Download answer key, predictions, and assessment: registered users only, limited by CAGI Data Use Agreement. The answer key, predictions, and assessment files are accessible to registered users only, and their use is limited by the CAGI Data Use Agreement. Please log in access the file.

Presentations from the CAGI 4 conference: registered users only, limited by CAGI Data Use Agreement. Presentations are accessible to registered users only, and their use is limited by the CAGI Data Use Agreement. Please log in to access the file.

Background 

With over 33 million prescriptions in 2011, warfarin is the most commonly used anticoagulant for preventing thromboembolic events [1]. Warfarin has a twenty-fold inter-individual dose variability and a narrow therapeutic index, and it is responsible for a third of adverse drug event hospitalizations in older Americans [2]. Alternatives to warfarin, such as direct thrombin inhibitors and factor Xa inhibitors, are now available. However, these are more expensive, irreversible, and may cause a higher rate of acute coronary events compared to warfarin [3,4]. Thus, warfarin remains a mainstay of anticoagulant therapy, and better methods of dosing warfarin will lead to fewer adverse events due to overcoagulation.

Both clinical modifiers and genetic polymorphisms are known to affect an individual’s stable therapeutic warfarin dose [5]. Previously, warfarin dose prediction algorithms have been formulated; however, these algorithms are less predictive in diverse populations [6].

Prediction challenge

With the provided exome data and clinical covariates, predict the therapeutic warfarin dose for 53 individuals.

Dataset description

The data set contains the following components:

  • A jointly called vcf file of genotypes for exomes of 103 African Americans on warfarin.
  • A file of clinical co-variates for the same individuals.
  • A file of warfarin doses for 50 of these individuals, for use in training if you wish.
  • The distribution of warfarin doses for the other 53 individuals, whose doses are to be predicted.

A description of how the genomic data were collected is available in the methods section of [7] (http://www.ncbi.nlm.nih.gov/pubmed/25079360). Reference [7] contains a large amount of other relevant information, including an analysis and prediction model developed by the dataset providers.

Download dataset: This dataset file is available only to registered users. Please log in to access the file.

Download submission template: This submission template file is available only to registered users. Please log in to access the file.

Download validation script: This submission validation script is available only to registered users. Please log in to access the file.

Prediction submission format 

The prediction submission is a tab-delimited text file. Organizers provide a file template, which should be used for submission. A validation script is provided, and predictors should check the correctness of the format before submitting their predictions.
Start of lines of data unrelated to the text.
definition I_le ::
  "('k::field \<Rightarrow> real) \<Rightarrow> ('v::finite \<Rightarrow> real) \<Rightarrow> ('v mon \<Rightarrow> 'v mon \<Rightarrow> bool)
   \<Rightarrow> ('v mon \<Rightarrow> 'v mon \<Rightarrow> bool) \<Rightarrow> ('v, 'k) mpoly list
   \<Rightarrow> 'v mon \<times> nat \<Rightarrow> ('v, 'k) mpoly set" where
  "I_le val w le1 lem F m = {p. \<exists>c :: 'v mon \<times> nat \<Rightarrow> 'k.
      finite {t. c t \<noteq> 0} \<and>
      (\<forall>t. c t \<noteq> 0 \<longrightarrow> snd t < length F \<and> le_sign val w le1 lem F t m) \<and>
      p = (\<Sum>t\<in>{t. c t \<noteq> 0}. Poly_Mapping.single (fst t) (c t) * F ! snd t)}"

definition sig ::
  "('k::field \<Rightarrow> real) \<Rightarrow> ('v::finite \<Rightarrow> real) \<Rightarrow> ('v mon \<Rightarrow> 'v mon \<Rightarrow> bool)
   \<Rightarrow> ('v mon \<Rightarrow> 'v mon \<Rightarrow> bool) \<Rightarrow> ('v, 'k) mpoly list
   \<Rightarrow> ('v, 'k) mpoly \<Rightarrow> 'v mon \<times> nat" where
  "sig val w le1 lem F f = (THE m. snd m < length F \<and> f \<in> I_le val w le1 lem F m \<and>
      (\<forall>m'. snd m' < length F \<and> f \<in> I_le val w le1 lem F m' \<longrightarrow> le_sign val w le1 lem F m m'))"

end

theory Submission
  imports Defs "HOL-Library.FuncSet" "HOL-Library.Product_Lexorder"
begin

text \<open>Write f and g as k-linear combinations of the products x^\<alpha> f_i whose
  indices x^\<alpha> e_i are \<le>_sign S = S(f) = S(g).  Minimality of S forces both
  combinations to have a nonzero coefficient at S itself, so a suitable combination a f + b g
  cancels it and lies in the span of the x^\<alpha> f_i with x^\<alpha> e_i <_sign S.  It is
  nonzero, since otherwise f and g would be proportional and have the same leading monomial.
  Signatures exist because \<le>_sign is a well-order: it is lexicographic in the index, the
  degree, membership in LM(TSyz(F)) and finally the degree-refining order \<le>_m, which has
  only finitely many monomials below any given one.\<close>

lemma deg_monomial_orderD:
  assumes "is_deg_monomial_order lem"
  shows "lem \<alpha> \<alpha>" "lem \<alpha> \<beta> \<Longrightarrow> lem \<beta> \<alpha> \<Longrightarrow> \<alpha> = \<beta>"
    "lem \<alpha> \<beta> \<Longrightarrow> lem \<beta> \<gamma> \<Longrightarrow> lem \<alpha> \<gamma>" "lem \<alpha> \<beta> \<or> lem \<beta> \<alpha>"
    "mdeg \<alpha> < mdeg \<beta> \<Longrightarrow> lem \<alpha> \<beta>"
proof -
  have mo: "is_monomial_order lem" and deg: "\<forall>x y. mdeg x < mdeg y \<longrightarrow> lem x y"
    using assms unfolding is_deg_monomial_order_def by auto
  note mo_conjs = mo[unfolded is_monomial_order_def]
  have refl: "\<forall>x. lem x x" using mo_conjs by (elim conjE)
  have antisym: "\<forall>x y. lem x y \<and> lem y x \<longrightarrow> x = y" using mo_conjs by (elim conjE)
  have trans: "\<forall>x y z. lem x y \<and> lem y z \<longrightarrow> lem x z" using mo_conjs by (elim conjE)
  have total: "\<forall>x y. lem x y \<or> lem y x" using mo_conjs by (elim conjE)
  show "lem \<alpha> \<alpha>" using refl by blast
  show "lem \<alpha> \<beta> \<Longrightarrow> lem \<beta> \<alpha> \<Longrightarrow> \<alpha> = \<beta>" using antisym by blast
  show "lem \<alpha> \<beta> \<Longrightarrow> lem \<beta> \<gamma> \<Longrightarrow> lem \<alpha> \<gamma>" using trans by blast
  show "lem \<alpha> \<beta> \<or> lem \<beta> \<alpha>" using total by blast
  show "mdeg \<alpha> < mdeg \<beta> \<Longrightarrow> lem \<alpha> \<beta>" using deg by blast
qed

lemma deg_monomial_order_mdeg_mono:
  assumes "is_deg_monomial_order lem" "lem \<alpha> \<beta>"
  shows "mdeg \<alpha> \<le> mdeg \<beta>"
proof (rule ccontr)
  assume "\<not> mdeg \<alpha> \<le> mdeg \<beta>"
  then have "lem \<beta> \<alpha>" using deg_monomial_orderD(5)[OF assms(1)] by simp
  then have "\<alpha> = \<beta>" using deg_monomial_orderD(2)[OF assms] by simp
  with \<open>\<not> mdeg \<alpha> \<le> mdeg \<beta>\<close> show False by simp
qed

lemma finite_mdeg_le: "finite {\<alpha>::('v::finite) mon. mdeg \<alpha> \<le> k}"
proof (rule finite_imageD)
  have "Poly_Mapping.lookup \<alpha> v \<le> mdeg \<alpha>" for \<alpha> :: "'v mon" and v
    unfolding mdeg_def by (rule member_le_sum) simp_all
  then have "Poly_Mapping.lookup ` {\<alpha>::'v mon. mdeg \<alpha> \<le> k} \<subseteq> Pi\<^sub>E UNIV (\<lambda>_. {..k})"
    by (auto simp: PiE_UNIV_domain Pi_def intro: le_trans)
  then show "finite (Poly_Mapping.lookup ` {\<alpha>::'v mon. mdeg \<alpha> \<le> k})"
    by (rule finite_subset) (simp add: finite_PiE)
  show "inj_on Poly_Mapping.lookup {\<alpha>::'v mon. mdeg \<alpha> \<le> k}"
    by (rule inj_onI) (simp add: poly_mapping_eqI)
qed

lemma wf_deg_monomial_order:
  assumes "is_deg_monomial_order lem"
  shows "wf {(\<alpha>, \<beta>::('v::finite) mon). lem \<alpha> \<beta> \<and> \<alpha> \<noteq> \<beta>}"
proof (rule wf_finite_segments)
  show "irrefl {(\<alpha>, \<beta>). lem \<alpha> \<beta> \<and> \<alpha> \<noteq> \<beta>}"
    by (simp add: irrefl_def)
  show "trans {(\<alpha>, \<beta>). lem \<alpha> \<beta> \<and> \<alpha> \<noteq> \<beta>}"
    using deg_monomial_orderD(2,3)[OF assms] unfolding trans_def by blast
  show "finite {\<alpha>. (\<alpha>, \<beta>) \<in> {(\<alpha>, \<beta>). lem \<alpha> \<beta> \<and> \<alpha> \<noteq> \<beta>}}" for \<beta>
    by (rule finite_subset[OF _ finite_mdeg_le[of "mdeg \<beta>"]])
      (use deg_monomial_order_mdeg_mono[OF assms] in blast)
qed
lemma Wp_shifted_X:
  assumes "sc_derived X S" "g \<in> Wp Phi p" "y - rho Phi S \<in> X"
  shows "g y - rho Phi S \<in> X"
  using assms(2)
proof (induction rule: Wp_induct)
  case id
  then show ?case using assms(3) by simp
next
  case (step a m g)
  then show ?case
    using aff_refl_shifted_X[OF assms(1)] by simp
qed

lemma open_slabs_avoids_hyperplanes:
  assumes y: "y \<in> open_slabs pos p" and a: "a \<in> Phi"
  shows "pair y a \<noteq> of_int m * real p"
  using root_pos_or_neg[OF a]
proof
  assume "a \<in> pos"
  then show ?thesis
    using y int_multiple_not_in_open_interval[of m p] by (auto simp: open_slabs_def)
next
  assume "- a \<in> pos"
  then show ?thesis
    using y int_multiple_not_in_open_interval[of "- m" p] by (auto simp: open_slabs_def pair_uminus_right)
qed

lemma Wp_image_avoids_hyperplanes:
  assumes "g \<in> Wp Phi p" "y \<in> open_slabs pos p" "a \<in> Phi"
  shows "pair (g y) a \<noteq> of_int m * real p"
proof -
  obtain b n where b: "b \<in> Phi"
    and pull: "\<forall>x. pair (g x) a - of_int m * real p = pair x b - of_int n * real p"
    using Wp_pullback_affine_root[OF assms(1,3)] by blast
  show ?thesis
    using open_slabs_avoids_hyperplanes[OF assms(2) b, of n] pull[rule_format, of y] by auto
qed

text \<open>The half-open segment from \<open>L\<close> to \<open>Z\<close> stays in the open alcove, which meets no
  hyperplane; \<open>t\<close> below is where the functional would vanish on it.\<close>
lemma open_slabs_same_side:
  assumes L: "L \<in> open_slabs pos p" and Z: "Z \<in> closed_slabs pos p"
    and b: "b \<in> Phi" and off: "pair Z b \<noteq> of_int n * real p"
  shows "0 < (pair L b - of_int n * real p) * (pair Z b - of_int n * real p)"
proof (rule ccontr)
  define A where "A = pair L b - of_int n * real p"
  define B where "B = pair Z b - of_int n * real p"
  assume "\<not> ?thesis"
  then have "\<not> 0 < A * B"
    by (simp add: A_def B_def)
  moreover have "A \<noteq> 0" "B \<noteq> 0"
    using open_slabs_avoids_hyperplanes[OF L b, of n] off by (simp_all add: A_def B_def)
  ultimately have "A * B < 0"
    using mult_eq_0_iff[of A B] by linarith
  then have signs: "(A > 0 \<and> B < 0) \<or> (A < 0 \<and> B > 0)"
    by (simp add: mult_less_0_iff)
  define t where "t = A / (A - B)"
  have "0 \<le> t" "t < 1"
    using signs by (auto simp: t_def divide_simps)
  then have "(1 - t) *\<^sub>R L + t *\<^sub>R Z \<in> open_slabs pos p"
    using open_slabs_segment[OF L Z] by blast
  moreover have "pair ((1 - t) *\<^sub>R L + t *\<^sub>R Z) b - of_int n * real p = (1 - t) * A + t * B"
    unfolding pair_add pair_scaleR A_def B_def by (simp add: algebra_simps)
  moreover have "(1 - t) * A + t * B = 0"
    using signs by (auto simp: t_def divide_simps algebra_simps)
  ultimately show False
    using open_slabs_avoids_hyperplanes[OF _ b, where m = n] by fastforce
qed

section \<open>Reflections in \<open>W\<^sub>I\<^sub>,\<^sub>p\<close>\<close>

lemma simple_coordinate_outside_span_zero:
  assumes I: "I \<subseteq> S" and x: "x \<in> span I" "x = (\<Sum>s\<in>S. u s *\<^sub>R s)"
    and s: "s \<in> S" "s \<notin> I"
  shows "u s = 0"
proof -
  have fin: "finite I"
    using I finite_simple_roots finite_subset by blast
  obtain v where "x = (\<Sum>t\<in>I. v t *\<^sub>R t)"
    using x(1) span_finite[OF fin] by blast
  also have "\<dots> = (\<Sum>t\<in>S. (if t \<in> I then v t else 0) *\<^sub>R t)"
    using I finite_simple_roots
    by (simp add: if_distrib[of "\<lambda>c. c *\<^sub>R _"] sum.inter_restrict[symmetric] Int_absorb1 cong: if_cong)
  finally show ?thesis
    using simple_coordinates_unique[of u "\<lambda>t. if t \<in> I then v t else 0" s] x(2) s by simp
qed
In the submitted file, each of the 53 rows includes the following columns:

  • subject_id - The ID number of the individual
  • dose - the predicted warfarin dose for each individual. Dose predictions must fall within the distribution provided (16-105 mg/week).
  • standard deviation (mg/week) - SD defining the confidence of the prediction in column 2
  • comment – an optional brief comment on the basis of the prediction in column 2

In the template file, cells in columns 2-4 are marked with an "*". Submit your predictions by replacing the "*" with your value. No empty cells are allowed in the submission. You must enter a prediction and standard deviation for every individual; if you are not confident in a prediction for an individual, enter a large standard deviation for the prediction. Optionally, enter a brief comment indicating the basis of each prediction;,otherwise, leave the "*" in these cells. Please make sure you follow the submission guidelines strictly.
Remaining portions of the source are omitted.